==== Records shown ====

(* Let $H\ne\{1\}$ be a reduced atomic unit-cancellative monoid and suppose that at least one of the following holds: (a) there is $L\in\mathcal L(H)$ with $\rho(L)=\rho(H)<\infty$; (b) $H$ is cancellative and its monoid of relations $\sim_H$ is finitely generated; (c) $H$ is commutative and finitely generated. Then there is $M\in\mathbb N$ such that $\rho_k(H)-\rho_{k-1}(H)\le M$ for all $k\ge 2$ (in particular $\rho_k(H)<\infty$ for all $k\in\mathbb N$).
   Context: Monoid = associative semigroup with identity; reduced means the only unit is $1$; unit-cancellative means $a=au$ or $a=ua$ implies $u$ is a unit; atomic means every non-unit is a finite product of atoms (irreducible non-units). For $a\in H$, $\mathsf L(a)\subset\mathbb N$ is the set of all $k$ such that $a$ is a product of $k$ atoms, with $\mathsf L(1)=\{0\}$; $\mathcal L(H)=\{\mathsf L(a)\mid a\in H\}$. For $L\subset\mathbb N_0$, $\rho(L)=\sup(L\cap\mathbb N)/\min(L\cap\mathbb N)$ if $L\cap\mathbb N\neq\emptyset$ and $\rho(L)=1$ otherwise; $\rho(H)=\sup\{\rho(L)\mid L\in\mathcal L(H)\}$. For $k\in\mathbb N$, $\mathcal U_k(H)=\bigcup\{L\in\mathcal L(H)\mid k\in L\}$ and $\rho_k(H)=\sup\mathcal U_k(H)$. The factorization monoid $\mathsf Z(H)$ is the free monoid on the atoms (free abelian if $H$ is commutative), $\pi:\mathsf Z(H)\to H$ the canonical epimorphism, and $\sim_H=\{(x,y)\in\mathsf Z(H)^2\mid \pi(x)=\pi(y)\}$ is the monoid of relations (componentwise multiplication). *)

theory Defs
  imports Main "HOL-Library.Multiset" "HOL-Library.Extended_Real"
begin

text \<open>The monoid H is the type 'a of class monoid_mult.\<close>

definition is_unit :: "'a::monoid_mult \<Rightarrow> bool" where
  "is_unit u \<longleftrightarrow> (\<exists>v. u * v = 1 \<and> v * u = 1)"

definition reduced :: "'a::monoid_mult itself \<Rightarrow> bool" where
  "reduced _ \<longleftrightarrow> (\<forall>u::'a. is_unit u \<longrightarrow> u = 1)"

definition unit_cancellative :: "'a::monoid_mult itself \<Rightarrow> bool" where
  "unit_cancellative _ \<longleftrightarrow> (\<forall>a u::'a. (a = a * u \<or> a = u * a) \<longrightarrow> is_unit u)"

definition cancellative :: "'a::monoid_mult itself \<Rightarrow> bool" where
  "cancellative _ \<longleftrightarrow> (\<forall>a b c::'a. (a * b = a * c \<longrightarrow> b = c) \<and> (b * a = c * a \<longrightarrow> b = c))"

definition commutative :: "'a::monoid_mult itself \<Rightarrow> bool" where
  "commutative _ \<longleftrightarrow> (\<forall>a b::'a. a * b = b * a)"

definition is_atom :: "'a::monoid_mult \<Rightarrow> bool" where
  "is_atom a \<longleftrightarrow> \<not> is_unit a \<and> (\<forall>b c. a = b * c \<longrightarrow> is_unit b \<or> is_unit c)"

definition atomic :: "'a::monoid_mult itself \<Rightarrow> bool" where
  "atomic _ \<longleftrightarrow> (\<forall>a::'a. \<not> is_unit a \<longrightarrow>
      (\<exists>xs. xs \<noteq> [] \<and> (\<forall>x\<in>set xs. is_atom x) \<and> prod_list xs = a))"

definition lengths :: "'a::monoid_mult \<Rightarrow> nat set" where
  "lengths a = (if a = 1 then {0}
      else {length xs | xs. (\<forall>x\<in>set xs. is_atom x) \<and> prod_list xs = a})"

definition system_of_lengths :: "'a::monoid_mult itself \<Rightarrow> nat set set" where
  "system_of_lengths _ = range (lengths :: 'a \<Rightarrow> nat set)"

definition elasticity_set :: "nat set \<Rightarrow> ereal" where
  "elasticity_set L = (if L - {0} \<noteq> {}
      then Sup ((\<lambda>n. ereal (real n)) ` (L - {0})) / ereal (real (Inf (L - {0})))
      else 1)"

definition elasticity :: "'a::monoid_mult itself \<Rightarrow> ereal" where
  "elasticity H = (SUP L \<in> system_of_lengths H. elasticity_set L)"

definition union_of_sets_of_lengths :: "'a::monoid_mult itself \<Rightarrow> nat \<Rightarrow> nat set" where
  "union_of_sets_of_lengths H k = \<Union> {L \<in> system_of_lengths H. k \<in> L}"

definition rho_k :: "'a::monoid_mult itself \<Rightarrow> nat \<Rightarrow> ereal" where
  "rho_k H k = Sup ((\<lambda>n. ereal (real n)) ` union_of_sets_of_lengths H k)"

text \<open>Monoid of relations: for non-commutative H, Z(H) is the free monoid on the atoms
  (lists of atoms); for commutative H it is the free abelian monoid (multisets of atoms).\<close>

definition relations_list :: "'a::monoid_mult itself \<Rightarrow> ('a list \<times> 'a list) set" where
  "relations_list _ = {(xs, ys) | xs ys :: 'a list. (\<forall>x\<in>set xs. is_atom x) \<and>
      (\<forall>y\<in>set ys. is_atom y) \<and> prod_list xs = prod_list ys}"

====
==== Records shown ====

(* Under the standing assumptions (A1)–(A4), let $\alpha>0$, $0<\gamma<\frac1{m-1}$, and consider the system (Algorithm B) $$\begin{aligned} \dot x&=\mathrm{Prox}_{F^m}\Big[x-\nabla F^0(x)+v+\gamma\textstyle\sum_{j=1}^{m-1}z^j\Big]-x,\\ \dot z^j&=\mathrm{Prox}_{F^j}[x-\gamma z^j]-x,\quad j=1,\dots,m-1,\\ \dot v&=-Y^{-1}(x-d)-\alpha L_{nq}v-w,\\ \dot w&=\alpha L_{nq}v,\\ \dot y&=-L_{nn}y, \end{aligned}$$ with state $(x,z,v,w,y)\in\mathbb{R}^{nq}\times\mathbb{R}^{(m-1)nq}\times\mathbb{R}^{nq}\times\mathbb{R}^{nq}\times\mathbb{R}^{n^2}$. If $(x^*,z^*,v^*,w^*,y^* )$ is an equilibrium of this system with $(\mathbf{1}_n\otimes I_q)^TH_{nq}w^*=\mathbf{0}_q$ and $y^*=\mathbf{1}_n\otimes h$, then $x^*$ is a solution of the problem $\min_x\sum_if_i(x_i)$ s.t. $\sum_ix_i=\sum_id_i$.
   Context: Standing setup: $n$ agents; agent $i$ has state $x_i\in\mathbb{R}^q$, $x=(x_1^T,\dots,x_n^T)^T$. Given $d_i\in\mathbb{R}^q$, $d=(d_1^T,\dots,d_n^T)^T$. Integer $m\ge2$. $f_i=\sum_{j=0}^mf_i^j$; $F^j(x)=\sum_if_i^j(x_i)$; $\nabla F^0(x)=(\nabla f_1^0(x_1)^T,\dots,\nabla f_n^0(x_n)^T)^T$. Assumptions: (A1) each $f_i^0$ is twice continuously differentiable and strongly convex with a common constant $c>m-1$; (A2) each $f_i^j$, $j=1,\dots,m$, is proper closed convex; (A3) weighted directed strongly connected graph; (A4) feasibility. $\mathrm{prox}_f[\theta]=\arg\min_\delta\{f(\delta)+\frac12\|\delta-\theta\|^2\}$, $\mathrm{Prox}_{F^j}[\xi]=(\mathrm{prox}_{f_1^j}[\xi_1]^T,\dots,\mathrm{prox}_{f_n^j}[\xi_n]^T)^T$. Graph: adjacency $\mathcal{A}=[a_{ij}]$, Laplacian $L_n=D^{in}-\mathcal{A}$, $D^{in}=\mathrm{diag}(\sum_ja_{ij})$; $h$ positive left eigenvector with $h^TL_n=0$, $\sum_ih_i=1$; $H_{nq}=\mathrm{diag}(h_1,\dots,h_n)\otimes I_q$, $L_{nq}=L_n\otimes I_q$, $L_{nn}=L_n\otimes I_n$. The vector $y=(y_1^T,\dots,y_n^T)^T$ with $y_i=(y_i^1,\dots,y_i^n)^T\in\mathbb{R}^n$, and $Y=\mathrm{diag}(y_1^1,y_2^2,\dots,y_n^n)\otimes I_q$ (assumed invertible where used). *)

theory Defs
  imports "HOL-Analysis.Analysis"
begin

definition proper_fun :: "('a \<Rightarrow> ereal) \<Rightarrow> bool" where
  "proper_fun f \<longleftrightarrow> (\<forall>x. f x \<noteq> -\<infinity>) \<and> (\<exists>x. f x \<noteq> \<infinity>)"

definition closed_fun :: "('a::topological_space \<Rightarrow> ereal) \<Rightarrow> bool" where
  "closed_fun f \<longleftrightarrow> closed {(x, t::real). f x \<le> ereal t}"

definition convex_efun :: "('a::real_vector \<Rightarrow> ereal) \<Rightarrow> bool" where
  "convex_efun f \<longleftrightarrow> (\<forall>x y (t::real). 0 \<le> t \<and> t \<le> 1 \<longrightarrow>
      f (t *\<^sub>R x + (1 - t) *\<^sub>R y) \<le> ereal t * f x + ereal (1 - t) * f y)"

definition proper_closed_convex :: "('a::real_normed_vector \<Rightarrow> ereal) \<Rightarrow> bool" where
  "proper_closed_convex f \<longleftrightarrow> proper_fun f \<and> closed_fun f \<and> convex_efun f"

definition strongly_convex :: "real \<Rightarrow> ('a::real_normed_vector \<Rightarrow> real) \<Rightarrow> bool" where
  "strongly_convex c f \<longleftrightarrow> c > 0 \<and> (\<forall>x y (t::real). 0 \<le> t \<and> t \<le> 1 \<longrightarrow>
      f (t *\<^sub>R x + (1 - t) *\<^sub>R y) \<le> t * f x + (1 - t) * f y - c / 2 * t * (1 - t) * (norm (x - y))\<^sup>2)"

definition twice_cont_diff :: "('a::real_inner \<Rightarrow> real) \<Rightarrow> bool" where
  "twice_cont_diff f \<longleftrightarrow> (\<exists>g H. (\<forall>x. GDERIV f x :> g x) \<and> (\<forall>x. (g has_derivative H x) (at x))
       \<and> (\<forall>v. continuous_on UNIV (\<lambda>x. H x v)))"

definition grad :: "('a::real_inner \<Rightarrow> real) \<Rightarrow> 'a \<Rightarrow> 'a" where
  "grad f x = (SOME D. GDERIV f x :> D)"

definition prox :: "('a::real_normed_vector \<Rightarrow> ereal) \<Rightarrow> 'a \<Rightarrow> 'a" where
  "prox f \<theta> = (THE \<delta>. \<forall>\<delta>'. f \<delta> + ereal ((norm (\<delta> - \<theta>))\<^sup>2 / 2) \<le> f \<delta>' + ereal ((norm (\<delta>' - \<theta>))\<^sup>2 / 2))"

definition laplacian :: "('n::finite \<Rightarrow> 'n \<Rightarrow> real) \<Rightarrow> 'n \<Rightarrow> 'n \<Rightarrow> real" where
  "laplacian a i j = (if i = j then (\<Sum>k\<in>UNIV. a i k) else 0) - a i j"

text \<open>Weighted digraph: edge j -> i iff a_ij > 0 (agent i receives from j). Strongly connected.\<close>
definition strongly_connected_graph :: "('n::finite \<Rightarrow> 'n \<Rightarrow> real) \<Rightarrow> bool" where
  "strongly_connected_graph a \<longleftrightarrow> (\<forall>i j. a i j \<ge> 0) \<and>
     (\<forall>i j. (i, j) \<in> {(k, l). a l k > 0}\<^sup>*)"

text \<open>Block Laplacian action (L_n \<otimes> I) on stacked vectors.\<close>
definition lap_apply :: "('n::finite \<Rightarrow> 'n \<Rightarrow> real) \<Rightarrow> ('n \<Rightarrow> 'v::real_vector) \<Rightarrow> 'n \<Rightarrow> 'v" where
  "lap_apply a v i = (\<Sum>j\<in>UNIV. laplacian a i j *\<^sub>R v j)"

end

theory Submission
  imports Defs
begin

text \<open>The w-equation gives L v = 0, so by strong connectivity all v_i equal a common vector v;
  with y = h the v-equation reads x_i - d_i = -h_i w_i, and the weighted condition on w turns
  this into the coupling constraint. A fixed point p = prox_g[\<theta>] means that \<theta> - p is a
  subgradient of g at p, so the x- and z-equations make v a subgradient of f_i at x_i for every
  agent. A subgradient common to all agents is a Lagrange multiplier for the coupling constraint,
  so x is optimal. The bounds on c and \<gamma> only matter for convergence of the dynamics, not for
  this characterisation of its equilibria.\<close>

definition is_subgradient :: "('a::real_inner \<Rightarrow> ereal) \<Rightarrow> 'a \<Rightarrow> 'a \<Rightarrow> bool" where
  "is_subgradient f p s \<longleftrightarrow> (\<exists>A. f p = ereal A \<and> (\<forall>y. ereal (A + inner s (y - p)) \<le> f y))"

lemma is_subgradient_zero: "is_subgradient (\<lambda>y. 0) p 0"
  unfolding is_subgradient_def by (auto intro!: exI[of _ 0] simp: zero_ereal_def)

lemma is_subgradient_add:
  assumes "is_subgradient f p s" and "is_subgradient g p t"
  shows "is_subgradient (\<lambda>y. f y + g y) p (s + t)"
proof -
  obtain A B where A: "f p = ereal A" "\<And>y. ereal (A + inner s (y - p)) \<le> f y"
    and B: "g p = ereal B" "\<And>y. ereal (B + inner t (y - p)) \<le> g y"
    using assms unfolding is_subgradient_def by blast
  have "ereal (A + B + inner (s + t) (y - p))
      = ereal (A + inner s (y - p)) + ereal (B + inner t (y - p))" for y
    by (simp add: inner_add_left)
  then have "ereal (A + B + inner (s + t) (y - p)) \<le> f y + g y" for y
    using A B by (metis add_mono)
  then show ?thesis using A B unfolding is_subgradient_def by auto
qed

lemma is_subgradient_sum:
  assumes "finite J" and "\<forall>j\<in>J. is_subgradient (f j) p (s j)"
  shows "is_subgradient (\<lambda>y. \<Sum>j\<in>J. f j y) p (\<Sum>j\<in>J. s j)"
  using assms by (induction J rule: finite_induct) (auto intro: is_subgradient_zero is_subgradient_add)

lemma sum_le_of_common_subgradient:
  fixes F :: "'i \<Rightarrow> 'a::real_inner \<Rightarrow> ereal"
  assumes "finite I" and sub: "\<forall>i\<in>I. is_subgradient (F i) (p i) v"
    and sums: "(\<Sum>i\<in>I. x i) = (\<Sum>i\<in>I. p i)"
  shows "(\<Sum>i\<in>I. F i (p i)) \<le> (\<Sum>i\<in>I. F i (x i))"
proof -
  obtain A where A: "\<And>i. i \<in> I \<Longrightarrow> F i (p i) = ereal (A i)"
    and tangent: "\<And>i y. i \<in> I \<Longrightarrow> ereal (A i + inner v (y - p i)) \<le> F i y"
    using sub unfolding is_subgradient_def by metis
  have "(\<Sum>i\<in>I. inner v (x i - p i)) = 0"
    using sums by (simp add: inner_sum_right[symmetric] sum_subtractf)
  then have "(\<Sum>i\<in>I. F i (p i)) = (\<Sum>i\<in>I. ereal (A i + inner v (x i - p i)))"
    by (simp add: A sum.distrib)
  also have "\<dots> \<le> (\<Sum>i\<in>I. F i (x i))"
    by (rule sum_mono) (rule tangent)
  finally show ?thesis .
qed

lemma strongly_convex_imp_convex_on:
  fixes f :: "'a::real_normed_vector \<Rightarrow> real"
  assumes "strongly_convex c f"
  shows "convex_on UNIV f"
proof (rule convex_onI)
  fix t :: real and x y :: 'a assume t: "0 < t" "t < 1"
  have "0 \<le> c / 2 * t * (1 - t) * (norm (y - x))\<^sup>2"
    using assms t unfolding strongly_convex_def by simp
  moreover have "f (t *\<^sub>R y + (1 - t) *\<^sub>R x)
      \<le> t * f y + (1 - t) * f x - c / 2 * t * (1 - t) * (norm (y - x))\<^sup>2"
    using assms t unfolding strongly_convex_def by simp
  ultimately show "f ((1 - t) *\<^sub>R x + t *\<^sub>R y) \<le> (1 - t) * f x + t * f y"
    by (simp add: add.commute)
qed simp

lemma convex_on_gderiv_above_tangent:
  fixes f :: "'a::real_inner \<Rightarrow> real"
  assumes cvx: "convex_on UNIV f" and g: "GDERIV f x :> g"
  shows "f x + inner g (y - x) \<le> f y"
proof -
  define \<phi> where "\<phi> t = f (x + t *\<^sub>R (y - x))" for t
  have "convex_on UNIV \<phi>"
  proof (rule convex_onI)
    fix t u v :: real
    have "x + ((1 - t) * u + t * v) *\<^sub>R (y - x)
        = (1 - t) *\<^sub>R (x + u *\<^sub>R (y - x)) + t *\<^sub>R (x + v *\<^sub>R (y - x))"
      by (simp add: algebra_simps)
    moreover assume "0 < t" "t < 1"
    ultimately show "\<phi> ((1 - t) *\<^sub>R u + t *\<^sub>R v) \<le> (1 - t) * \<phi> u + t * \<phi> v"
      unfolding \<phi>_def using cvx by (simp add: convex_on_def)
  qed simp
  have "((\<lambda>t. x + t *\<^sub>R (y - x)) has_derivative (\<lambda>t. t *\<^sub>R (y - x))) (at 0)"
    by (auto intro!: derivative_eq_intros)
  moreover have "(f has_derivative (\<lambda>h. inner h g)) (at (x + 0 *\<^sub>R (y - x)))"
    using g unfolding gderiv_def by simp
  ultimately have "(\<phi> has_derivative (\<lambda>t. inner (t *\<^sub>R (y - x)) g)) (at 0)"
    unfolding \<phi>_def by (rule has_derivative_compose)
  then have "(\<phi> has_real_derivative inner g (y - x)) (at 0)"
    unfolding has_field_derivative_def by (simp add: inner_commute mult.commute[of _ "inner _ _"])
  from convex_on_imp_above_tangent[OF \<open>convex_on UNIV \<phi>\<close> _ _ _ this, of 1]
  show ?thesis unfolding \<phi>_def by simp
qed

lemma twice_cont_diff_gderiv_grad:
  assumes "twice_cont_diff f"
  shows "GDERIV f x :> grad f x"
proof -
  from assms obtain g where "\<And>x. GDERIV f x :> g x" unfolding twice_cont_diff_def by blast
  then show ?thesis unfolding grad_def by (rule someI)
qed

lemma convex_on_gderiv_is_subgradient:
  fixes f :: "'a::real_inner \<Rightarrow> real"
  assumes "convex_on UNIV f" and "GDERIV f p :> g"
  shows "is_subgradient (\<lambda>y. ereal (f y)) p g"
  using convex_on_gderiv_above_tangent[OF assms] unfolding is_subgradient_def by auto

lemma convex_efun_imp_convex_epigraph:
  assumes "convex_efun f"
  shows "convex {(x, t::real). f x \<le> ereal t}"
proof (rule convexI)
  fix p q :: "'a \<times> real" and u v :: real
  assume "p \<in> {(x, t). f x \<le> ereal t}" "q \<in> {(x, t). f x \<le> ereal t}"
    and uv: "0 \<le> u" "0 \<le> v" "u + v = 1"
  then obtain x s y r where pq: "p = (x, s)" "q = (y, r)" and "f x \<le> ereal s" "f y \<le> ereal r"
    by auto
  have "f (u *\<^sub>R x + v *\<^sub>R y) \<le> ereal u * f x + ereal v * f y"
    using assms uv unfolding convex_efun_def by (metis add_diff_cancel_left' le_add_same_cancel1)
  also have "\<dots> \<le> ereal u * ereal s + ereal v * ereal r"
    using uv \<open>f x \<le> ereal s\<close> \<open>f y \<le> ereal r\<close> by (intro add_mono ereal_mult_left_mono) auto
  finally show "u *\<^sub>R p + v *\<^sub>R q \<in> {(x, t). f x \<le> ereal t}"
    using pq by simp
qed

====
==== Records shown ====

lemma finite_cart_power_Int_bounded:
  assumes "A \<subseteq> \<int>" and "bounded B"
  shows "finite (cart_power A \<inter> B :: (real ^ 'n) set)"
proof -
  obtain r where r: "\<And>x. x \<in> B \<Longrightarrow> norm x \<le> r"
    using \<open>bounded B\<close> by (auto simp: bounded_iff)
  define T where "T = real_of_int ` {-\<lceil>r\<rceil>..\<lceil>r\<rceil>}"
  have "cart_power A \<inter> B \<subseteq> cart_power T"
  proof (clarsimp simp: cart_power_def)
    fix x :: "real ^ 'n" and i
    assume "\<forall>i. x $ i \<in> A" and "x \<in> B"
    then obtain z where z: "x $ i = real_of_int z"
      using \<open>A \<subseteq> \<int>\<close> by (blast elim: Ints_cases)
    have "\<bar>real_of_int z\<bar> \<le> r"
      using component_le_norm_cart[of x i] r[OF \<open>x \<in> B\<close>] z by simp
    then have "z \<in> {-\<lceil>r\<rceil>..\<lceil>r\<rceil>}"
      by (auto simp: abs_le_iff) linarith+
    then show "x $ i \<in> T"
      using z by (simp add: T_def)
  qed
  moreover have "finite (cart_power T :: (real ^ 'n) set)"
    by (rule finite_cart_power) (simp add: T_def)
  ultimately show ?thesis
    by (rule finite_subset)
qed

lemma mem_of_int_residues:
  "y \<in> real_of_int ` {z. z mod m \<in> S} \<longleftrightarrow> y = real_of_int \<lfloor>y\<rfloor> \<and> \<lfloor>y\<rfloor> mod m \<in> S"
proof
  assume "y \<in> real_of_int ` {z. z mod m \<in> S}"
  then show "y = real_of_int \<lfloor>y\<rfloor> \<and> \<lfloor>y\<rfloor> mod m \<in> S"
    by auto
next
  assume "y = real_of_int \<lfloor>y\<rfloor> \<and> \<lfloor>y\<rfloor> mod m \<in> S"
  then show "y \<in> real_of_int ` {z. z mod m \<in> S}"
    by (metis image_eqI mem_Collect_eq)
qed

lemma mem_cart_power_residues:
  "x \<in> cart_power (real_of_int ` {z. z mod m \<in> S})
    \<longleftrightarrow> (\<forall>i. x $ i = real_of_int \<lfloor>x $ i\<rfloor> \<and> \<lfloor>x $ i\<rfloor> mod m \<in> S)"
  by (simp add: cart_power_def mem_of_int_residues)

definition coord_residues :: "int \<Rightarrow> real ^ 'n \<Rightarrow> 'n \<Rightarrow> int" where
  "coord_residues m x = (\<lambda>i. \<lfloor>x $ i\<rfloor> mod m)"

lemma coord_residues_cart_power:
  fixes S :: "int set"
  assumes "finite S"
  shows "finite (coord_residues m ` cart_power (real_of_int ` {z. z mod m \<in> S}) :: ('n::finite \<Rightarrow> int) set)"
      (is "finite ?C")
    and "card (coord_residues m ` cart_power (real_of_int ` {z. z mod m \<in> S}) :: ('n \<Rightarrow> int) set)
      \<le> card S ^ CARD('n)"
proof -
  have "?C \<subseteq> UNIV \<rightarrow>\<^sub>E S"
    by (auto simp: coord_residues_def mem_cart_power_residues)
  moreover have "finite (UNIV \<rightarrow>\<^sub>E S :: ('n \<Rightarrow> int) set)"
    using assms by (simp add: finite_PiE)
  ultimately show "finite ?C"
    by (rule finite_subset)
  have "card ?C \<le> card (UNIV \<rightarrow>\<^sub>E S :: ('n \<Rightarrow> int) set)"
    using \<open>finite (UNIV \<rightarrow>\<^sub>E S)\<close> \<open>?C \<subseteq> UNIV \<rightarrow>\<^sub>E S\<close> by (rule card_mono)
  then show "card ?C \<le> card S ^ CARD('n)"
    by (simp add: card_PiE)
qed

====

• What the exercise asks:
Nothing but a number should be returned: how many lines of the listing include "auto".

• Answer box:
11